Lastly, the Court notes that in the Memorandum issued by the Large Taxpayers Service Sub-Technical Working Committee of the BIR, the system error in the EFPS and the diligent efforts exerted by PPHI to timely file its tax return were acknowledged, prompting the latter to unanimously recommend the approval of PPHI's request for abatement. Indeed, while tax refunds are strictly construed against the taxpayer, the Government should not resort to technicalities and legalisms, much less frivolous appeals, to keep the money it is not entitled to at the expense of the taxpayers. 11 In BPI-Family Savings Bank, Inc. v. Court of Appeals, 12 the Court noted:

Substantial justice, equity and fair play are on the side of [respondent]. Technicalities and legalisms, however exalted, should not be misused by the government to keep money not belonging to it and thereby enrich itself at the expense of its law-abiding citizens. If the State expects its taxpayers to observe fairness and honesty in paying their taxes, so must it apply the same standard against itself in refunding excess payments of such taxes.

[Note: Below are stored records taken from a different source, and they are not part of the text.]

(* Let $n>1$. For every index $i=0,\dots,n$ and all $\mathbf x,\mathbf y\in I_{n-1}$ we have $$\bigl\|(\Phi\circ\Delta_i)(\mathbf x)-(\Phi\circ\Delta_i)(\mathbf y)\bigr\|\le c_6\,6^n\,\|\mathbf x-\mathbf y\|,$$ where $c_6=\sqrt3/8$ and $\|\cdot\|$ is the sup-norm.
   Context: $I_m=\{(x_1,\dots,x_m)\in\mathbb{R}^m:-2\le x_1\le\cdots\le x_m\le2\}$. Maps $\Delta_i:I_{n-1}\to I_n$ ($0\le i\le n$): $\Delta_0(x_1,\dots,x_{n-1})=(-2,x_1,\dots,x_{n-1})$; for $0<i<n$, $\Delta_i(x_1,\dots,x_{n-1})=(x_1,\dots,x_{i-1},x_i,x_i,x_{i+1},\dots,x_{n-1})$; $\Delta_n(x_1,\dots,x_{n-1})=(x_1,\dots,x_{n-1},2)$. For $\mathbf c\in\mathbb{R}^n$ let $h_{\mathbf c}=x^n+c_1x^{n-1}+\cdots+c_n$, and for $\mathbf b\in\mathbb{R}^n$ let $g_{\mathbf b}=(x^{2n}+1)+b_1(x^{2n-1}+x)+\cdots+b_{n-1}(x^{n+1}+x^{n-1})+b_nx^n$. $\Psi(\mathbf r)=\mathbf c$ where $(x-r_1)\cdots(x-r_n)=h_{\mathbf c}$; $\mathrm X(\mathbf c)=\mathbf b$ where $x^nh_{\mathbf c}(x+1/x)=g_{\mathbf b}$; $\Phi=\mathrm X\circ\Psi$. *)

theory Defs
  imports "HOL-Computational_Algebra.Polynomial"
begin

(* Points of R^m are represented as real lists of length m; entry k (0-based) is x_{k+1}. *)

definition I_set :: "nat \<Rightarrow> real list set" where
  "I_set m = {xs. length xs = m \<and> sorted xs \<and> (\<forall>x\<in>set xs. -2 \<le> x \<and> x \<le> 2)}"

definition Delta :: "nat \<Rightarrow> nat \<Rightarrow> real list \<Rightarrow> real list" where
  "Delta n i xs =
     (if i = 0 then (-2) # xs
      else if i = n then xs @ [2]
      else take i xs @ [xs ! (i - 1)] @ drop i xs)"

definition h_poly :: "real list \<Rightarrow> real poly" where
  "h_poly c = (let n = length c in
     monom 1 n + (\<Sum>k=1..n. monom (c ! (k - 1)) (n - k)))"

(* Psi(r) = c where (x-r_1)...(x-r_n) = h_c *)
definition Psi :: "real list \<Rightarrow> real list" where
  "Psi rs = (let n = length rs; h = (\<Prod>r\<leftarrow>rs. [:-r, 1:]) in
     map (\<lambda>k. coeff h (n - k)) [1..<n+1])"

(* x^n h_c(x + 1/x), written out as a polynomial:
   sum over j of c_j x^j (x^2+1)^(n-j), with c_0 = 1 *)
definition palin_poly :: "real list \<Rightarrow> real poly" where
  "palin_poly c = (let n = length c in
     (\<Sum>j=0..n. smult (if j = 0 then 1 else c ! (j - 1)) (monom 1 j * [:1, 0, 1:] ^ (n - j))))"

definition g_poly :: "real list \<Rightarrow> real poly" where
  "g_poly b = (let n = length b in
     monom 1 (2*n) + 1 + (\<Sum>k=1..n-1. smult (b ! (k - 1)) (monom 1 (2*n-k) + monom 1 k))
       + (if n = 0 then 0 else monom (b ! (n - 1)) n))"

(* X(c) = b where x^n h_c(x+1/x) = g_b : b_k is the coefficient of x^(2n-k) *)
definition Xmap :: "real list \<Rightarrow> real list" where
  "Xmap c = (let n = length c in map (\<lambda>k. coeff (palin_poly c) (2*n - k)) [1..<n+1])"

definition Phi :: "real list \<Rightarrow> real list" where
  "Phi = Xmap \<circ> Psi"

definition supnorm :: "real list \<Rightarrow> real" where
  "supnorm xs = Max (insert 0 (abs ` set xs))"

definition vdiff :: "real list \<Rightarrow> real list \<Rightarrow> real list" where
  "vdiff xs ys = map2 (-) xs ys"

Indeed, the State must lead by its own example of honor, dignity and uprightness. 13

WHEREFORE, the assailed Court of Tax Appeals en banc's Decision dated August 3, 2018 and Resolution dated June 10, 2019 in CTA EB No. 1571 are hereby AFFIRMED.

SO ORDERED."

Very truly yours,

(SGD.) LIBRADA C. BUENADivision Clerk of Court

 

Footnotes

1.Rollo, pp. 51-73.

2.Id. at 13-36. Penned by Associate Justice Cielito N. Mindaro-Grulla with Presiding Justice Roman G. Del Rosario and Associate Justices Juanito C. Castañeda, Jr., Erlinda P. Uy, Caesar A. Casanova, Esperanza R. Fabon-Victorino and Ma. Belen M. Ringpis-Liban, concurring; Associate Justice Catherine T. Manahan, dissenting; and Associate Justice Lovell R. Bautista, on leave.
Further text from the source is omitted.